Ah, okay, that makes more sense. Clown plecos do eat some algae. Mystery snails often eat biofilm (when you see them mouthing on the glass), but they don’t usually the algae itself. They are both lots of fun.😁

Clown plecos (panaqolus maccus) do not get big. The common pleco (hypostomus plecostomus) does. That is why you have to be careful when buying plecos. There are many different species.

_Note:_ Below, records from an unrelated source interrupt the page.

lemma value_update_diff:
  assumes pol: "pol \<in> Pol" and i: "i < n" and p: "p \<in> player_policies m (k i)"
    and mu: "\<mu> \<in> state_dists m"
  shows "Vm i \<mu> (pol(i := p)) - Vm i \<mu> pol
    = 1 / (1 - \<delta>) * (\<Sum>s<m. vd \<mu> (pol(i := p)) s * (\<Sum>b<k i. (p s b - pol i s b) * Q i pol s b))"
proof -
  define pol' where "pol' = pol(i := p)"
  have pol': "pol' \<in> Pol" unfolding pol'_def by (rule policy_update[OF pol i p])
  have "Vm i \<mu> pol' - Vm i \<mu> pol = (\<Sum>s<m. \<mu> s * (V i pol' s - V i pol s))"
    unfolding value_fn_linear[OF pol mu i] value_fn_linear[OF pol' mu i]
    by (simp add: sum_subtractf[symmetric] right_diff_distrib)
  also have "\<dots> = 1 / (1 - \<delta>) * (\<Sum>s<m. vd \<mu> pol' s * (\<Sum>b<k i. (p s b - pol i s b) * Q i pol s b))"
  proof (rule performance_difference[OF pol' mu])
    fix s assume s: "s < m"
    show "V i pol' s - V i pol s = (\<Sum>b<k i. (p s b - pol i s b) * Q i pol s b)
        + \<delta> * (\<Sum>s1<m. TM pol' s s1 * (V i pol' s1 - V i pol s1))"
      using value_diff_recursion[OF pol pol' i s] pjoint_update_diff[OF pol i s, of p]
      unfolding pol'_def by simp
    show "\<bar>V i pol' s - V i pol s\<bar> \<le> 2 / (1 - \<delta>)"
      using value_bounds[OF pol i s] value_bounds[OF pol' i s] discount_lt_1
      by (auto simp: abs_le_iff divide_right_mono)
  qed
  finally show ?thesis unfolding pol'_def .
qed

text \<open>The mismatch coefficient \<open>\<rho>\<close> moves the visitation distribution of the deviation onto
  the fixed distribution \<open>\<nu>\<close> on which the potential argument controls the steps.\<close>

lemma value_gain_le_step:
  assumes eta: "\<eta> > 0" and small: "\<eta> * sqrt (real Amax) / (1 - \<delta>) \<le> 1"
    and i: "i < n" and p: "p \<in> player_policies m (k i)" and mu: "\<mu> \<in> state_dists m"
    and nu: "\<nu> \<in> state_dists m" and rho: "\<rho> \<ge> 0"
    and dnu: "\<And>s. s < m \<Longrightarrow> vd \<mu> ((pg \<eta> t)(i := p)) s \<le> \<rho> * \<nu> s"
  shows "Vm i \<mu> ((pg \<eta> t)(i := p)) - Vm i \<mu> (pg \<eta> t) \<le> 3 / ((1 - \<delta>) * \<eta>) * sqrt (\<rho> * step_sq_avg \<nu> \<eta> t)"
proof -
  define d where "d s = vd \<mu> ((pg \<eta> t)(i := p)) s" for s
  have pol': "(pg \<eta> t)(i := p) \<in> Pol" by (rule policy_update[OF pga_policy i p])
  have d: "\<forall>s\<in>{..<m}. 0 \<le> d s" "(\<Sum>s<m. d s) = 1"
    unfolding d_def using visit_dist_nonneg[OF pol' mu] visit_dist_sum[OF pol' mu] by auto
  have "(\<Sum>s<m. d s * (\<Sum>b<k i. (p s b - pg \<eta> t i s b) * Q i (pg \<eta> t) s b))
      \<le> (\<Sum>s<m. d s * (3 / \<eta> * sqrt (step_sq \<eta> t i s)))"
  proof (intro sum_mono mult_left_mono)
    fix s assume "s \<in> {..<m}"
    hence s: "s < m" by simp
    hence "p s \<in> simplex (k i)" using p unfolding player_policies_def by auto
    thus "(\<Sum>b<k i. (p s b - pg \<eta> t i s b) * Q i (pg \<eta> t) s b) \<le> 3 / \<eta> * sqrt (step_sq \<eta> t i s)"
      using Q_fn_gain_le_step[OF i s eta _ small, of "p s" t] eta by (simp add: field_simps)
  qed (use d in auto)
  also have "\<dots> = 3 / \<eta> * (\<Sum>s<m. d s * sqrt (step_sq \<eta> t i s))"
    by (simp add: sum_distrib_left mult_ac)
  also have "\<dots> \<le> 3 / \<eta> * sqrt (\<Sum>s<m. d s * step_sq \<eta> t i s)"
    using d step_sq_nonneg eta by (intro mult_left_mono sum_mult_sqrt_le_sqrt_sum) auto
  also have "\<dots> \<le> 3 / \<eta> * sqrt (\<rho> * step_sq_avg \<nu> \<eta> t)"
  proof -
    have "(\<Sum>s<m. d s * step_sq \<eta> t i s) \<le> (\<Sum>s<m. (\<rho> * \<nu> s) * (\<Sum>j<n. step_sq \<eta> t j s))"
      using dnu d rho nu i step_sq_nonneg unfolding d_def state_dists_def
      by (intro sum_mono mult_mono member_le_sum) auto
    also have "\<dots> = \<rho> * step_sq_avg \<nu> \<eta> t" unfolding step_sq_avg_def by (simp add: sum_distrib_left mult_ac)
    finally show ?thesis using eta by (intro mult_left_mono) auto
  qed
  finally have "(\<Sum>s<m. d s * (\<Sum>b<k i. (p s b - pg \<eta> t i s b) * Q i (pg \<eta> t) s b))
      \<le> 3 / \<eta> * sqrt (\<rho> * step_sq_avg \<nu> \<eta> t)" .
  hence "1 / (1 - \<delta>) * (\<Sum>s<m. d s * (\<Sum>b<k i. (p s b - pg \<eta> t i s b) * Q i (pg \<eta> t) s b))
      \<le> 1 / (1 - \<delta>) * (3 / \<eta> * sqrt (\<rho> * step_sq_avg \<nu> \<eta> t))"
    using discount_lt_1 by (intro mult_left_mono) auto
  thus ?thesis unfolding value_update_diff[OF pga_policy i p mu] d_def by simp
qed
lemma integrable_abs_component_power: "i < m \<Longrightarrow> integrable (iid m) (\<lambda>w. \<bar>w i\<bar> ^ j)"
proof -
  assume i: "i < m"
  have "(\<lambda>x::real. \<bar>x\<bar> ^ j) \<in> borel_measurable \<mu>"
    by (simp add: measurable_cong_sets[OF sets_mu refl])
  note integrable_distr_eq[OF measurable_component[OF i] this]
  moreover have "distr (iid m) \<mu> (\<lambda>w. w i) = \<mu>"
    using i by (intro distr_PiM_component prob_space_mu) auto
  ultimately show ?thesis
    using integrable_abs_power[of j] by simp
qed

lemma integrable_abs_vdot_power: "integrable (iid m) (\<lambda>w. \<bar>vdot m w y\<bar> ^ j)"
proof (cases "m = 0")
  case True
  interpret prob_space "iid m" by (rule prob_space_iid)
  have "(\<lambda>w. \<bar>vdot m w y\<bar> ^ j) = (\<lambda>_. 0 ^ j)" using True by (simp add: vdot_def)
  then show ?thesis by simp
next
  case False
  show ?thesis
  proof (rule Bochner_Integration.integrable_bound)
    show "integrable (iid m) (\<lambda>w. \<Sum>i<m. (real m * \<bar>y i\<bar>) ^ j * \<bar>w i\<bar> ^ j)"
      by (intro Bochner_Integration.integrable_sum Bochner_Integration.integrable_mult_right
          integrable_abs_component_power) auto
    have "\<bar>vdot m w y\<bar> ^ j \<le> (\<Sum>i<m. (real m * \<bar>y i\<bar>) ^ j * \<bar>w i\<bar> ^ j)" for w
    proof -
      have "\<bar>vdot m w y\<bar> ^ j \<le> (\<Sum>i<m. \<bar>w i * y i\<bar>) ^ j"
        unfolding vdot_def by (intro power_mono sum_abs) auto
      also have "\<dots> \<le> (\<Sum>i<m. (real (card {..<m}) * \<bar>w i * y i\<bar>) ^ j)"
        using False by (intro power_sum_le_sum_card_power) auto
      finally show ?thesis by (simp add: abs_mult power_mult_distrib mult_ac)
    qed
    then show "AE w in iid m. norm (\<bar>vdot m w y\<bar> ^ j) \<le> norm (\<Sum>i<m. (real m * \<bar>y i\<bar>) ^ j * \<bar>w i\<bar> ^ j)"
      by (intro AE_I2) (simp add: sum_nonneg)
  qed simp
qed

lemma integrable_vdot_power: "integrable (iid m) (\<lambda>w. vdot m w y ^ j)"
  using integrable_abs_vdot_power[of m y j]
  by (simp add: power_abs[symmetric] integrable_abs_iff)

lemma moment_vdot_Suc:
  "(\<integral>w. vdot (Suc m) w y ^ n \<partial>iid (Suc m)) =
   (\<Sum>k\<le>n. real (n choose k) * y m ^ k * (\<integral>t. t ^ k \<partial>\<mu>) * (\<integral>w. vdot m w y ^ (n - k) \<partial>iid m))"
proof -
  interpret mu: prob_space \<mu> by (rule prob_space_mu)
  interpret product_sigma_finite "\<lambda>_::nat. \<mu>"
    by (simp add: product_sigma_finite_def mu.sigma_finite_measure_axioms)
  have insert_m: "{..<Suc m} = insert m {..<m}" by auto
  have "(\<integral>w. vdot (Suc m) w y ^ n \<partial>iid (Suc m)) =
     (\<integral>w. (\<integral>t. vdot (Suc m) (w(m := t)) y ^ n \<partial>\<mu>) \<partial>iid m)"
    unfolding insert_m using integrable_vdot_power[of "Suc m" y n]
    by (intro product_integral_insert) (auto simp: insert_m)
  also have "\<dots> = (\<integral>w. (\<Sum>k\<le>n. (real (n choose k) * y m ^ k * (\<integral>t. t ^ k \<partial>\<mu>)) * vdot m w y ^ (n - k)) \<partial>iid m)"
  proof (rule Bochner_Integration.integral_cong[OF refl])
    fix w
    have "(\<integral>t. vdot (Suc m) (w(m := t)) y ^ n \<partial>\<mu>) =
        (\<integral>t. (\<Sum>k\<le>n. (real (n choose k) * y m ^ k * vdot m w y ^ (n - k)) * t ^ k) \<partial>\<mu>)"
      unfolding vdot_update_last add.commute[of "vdot m w y"] binomial_ring
      by (intro Bochner_Integration.integral_cong refl sum.cong) (auto simp: power_mult_distrib mult_ac)
    also have "\<dots> = (\<Sum>k\<le>n. (real (n choose k) * y m ^ k * vdot m w y ^ (n - k)) * (\<integral>t. t ^ k \<partial>\<mu>))"
      by (simp add: integrable_power)
    finally show "(\<integral>t. vdot (Suc m) (w(m := t)) y ^ n \<partial>\<mu>) =
        (\<Sum>k\<le>n. (real (n choose k) * y m ^ k * (\<integral>t. t ^ k \<partial>\<mu>)) * vdot m w y ^ (n - k))"
      by (simp add: mult_ac)
  qed
  also have "\<dots> = (\<Sum>k\<le>n. real (n choose k) * y m ^ k * (\<integral>t. t ^ k \<partial>\<mu>) * (\<integral>w. vdot m w y ^ (n - k) \<partial>iid m))"
    by (simp add: integrable_vdot_power)
  finally show ?thesis .
qed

Nerite snails are technically from brackish water. They can live in freshwater too, but they can’t breed in freshwater. Nerite snails are some of the best algae eaters out there. They are small and have very little bioload (unlike most other bottom dweller which tend to poop a lot) and they demolish diatoms algae like it’s chocolate cake.
 

Beautiful Beasties

New member
Joined
Aug 13, 2022
Ah, okay, that makes more sense. Clown plecos do eat some algae. Mystery snails often eat biofilm (when you see them mouthing on the glass), but they don’t usually the algae itself. They are both lots of fun.😁

Clown plecos (panaqolus maccus) do not get big. The common pleco (hypostomus plecostomus) does. That is why you have to be careful when buying plecos. There are many different species.

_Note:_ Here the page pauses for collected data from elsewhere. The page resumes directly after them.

lemma left_zero_pair_cocycle_eq:
  assumes e1: "e1 \<in> idems G" and e2: "e2 \<in> idems G" and le: "pideal G e1 \<subseteq> pideal G e2"
    and rep1: "is_rep (local_group G e1) \<rho>1 n1" and rep2: "is_rep (local_group G e2) \<rho>2 n2"
    and p: "(a, b) \<in> left_zero_pairs G"
    and d: "d \<in> cocycles G (infl G e2 \<rho>2 n2) n2 (infl G e1 \<rho>1 n1) n1"
  shows "d a = d b"
proof -
  have ab: "a \<in> carrier G" "b \<in> carrier G" "a \<otimes> b = a" using p unfolding left_zero_pairs_def by auto
  have p': "(a, b) \<in> right_zero_pairs G \<union> left_zero_pairs G" using p by simp
  note J = zero_pair_J_idems[OF p'] and S = infl_zero_pair[OF e2 rep2 p'] and T = infl_zero_pair[OF e1 rep1 p']
  consider "pideal G e1 \<subseteq> pideal G a \<longleftrightarrow> pideal G e2 \<subseteq> pideal G a"
    | "pideal G e1 \<subseteq> pideal G a" "\<not> pideal G e2 \<subseteq> pideal G a"
    using le by blast
  then have "to_mat n1 n2 (d a) = to_mat n1 n2 (d b)"
  proof cases
    case 1
    then show ?thesis using cocycle_vanishes_at_idem[OF d] J idemsD S T by (metis (no_types, lifting))
  next
    case 2
    have "to_mat n1 n2 (d a) = infl G e1 \<rho>1 n1 a * to_mat n1 n2 (d b) + to_mat n1 n2 (d a) * infl G e2 \<rho>2 n2 b"
      using cocycles_to_mat_mult[OF d ab(1,2)] ab(3) by simp
    also have "\<dots> = to_mat n1 n2 (d b)"
      using 2 S T to_mat_carrier[of n1 n2 "d a"] to_mat_carrier[of n1 n2 "d b"] by (simp add: right_mult_zero_mat)
    finally show ?thesis .
  qed
  then show ?thesis using cocycles_eqI[OF d] by blast
qed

Nerite snails are technically from brackish water. They can live in freshwater too, but they can’t breed in freshwater. Nerite snails are some of the best algae eaters out there. They are small and have very little bioload (unlike most other bottom dweller which tend to poop a lot) and they demolish diatoms algae like it’s chocolate cake.
Awesome. Thank you. I will probably get a few nerites then. I loved my little mystery snails I had. I had them breeding and everything. When I was moving my landlord came in over night to paint 2 days before he was supposed to (so none of my tanks were covered or moved out as planned), killed everything in both my tanks with the paint mist, etc going in them. Haven't had a tank since. After spending hundreds of dollars to get it going and beautiful, that kinda thing kills you. Even had my Betta and others trained to know when I tapped 2 times to come to the top for food. Betta even liked rubbing against my finger. Ugh. Talk about anger.

And yes I learned the hard way about plecos years ago, that's why I always have a backup larger tank just on case I'm sold something other than what I thought it was. Lol. Usually I'm the one telling the pet shop employee what they've got, male, female, etc though. No boasting, just sadness for their customers. They need training for real. Once had one try to sell me a baby Oscar for my community tank of mollies. Looked at them like they were crazy. (baby Oscars were right next to the community tanks where all those species could coexist. She assumed oscars could too since they were near those tanks) just shows how those places work with training. Many other horror stories about pet shops tho. I appreciate your communication and info. Not always easy to find reliable info on pets.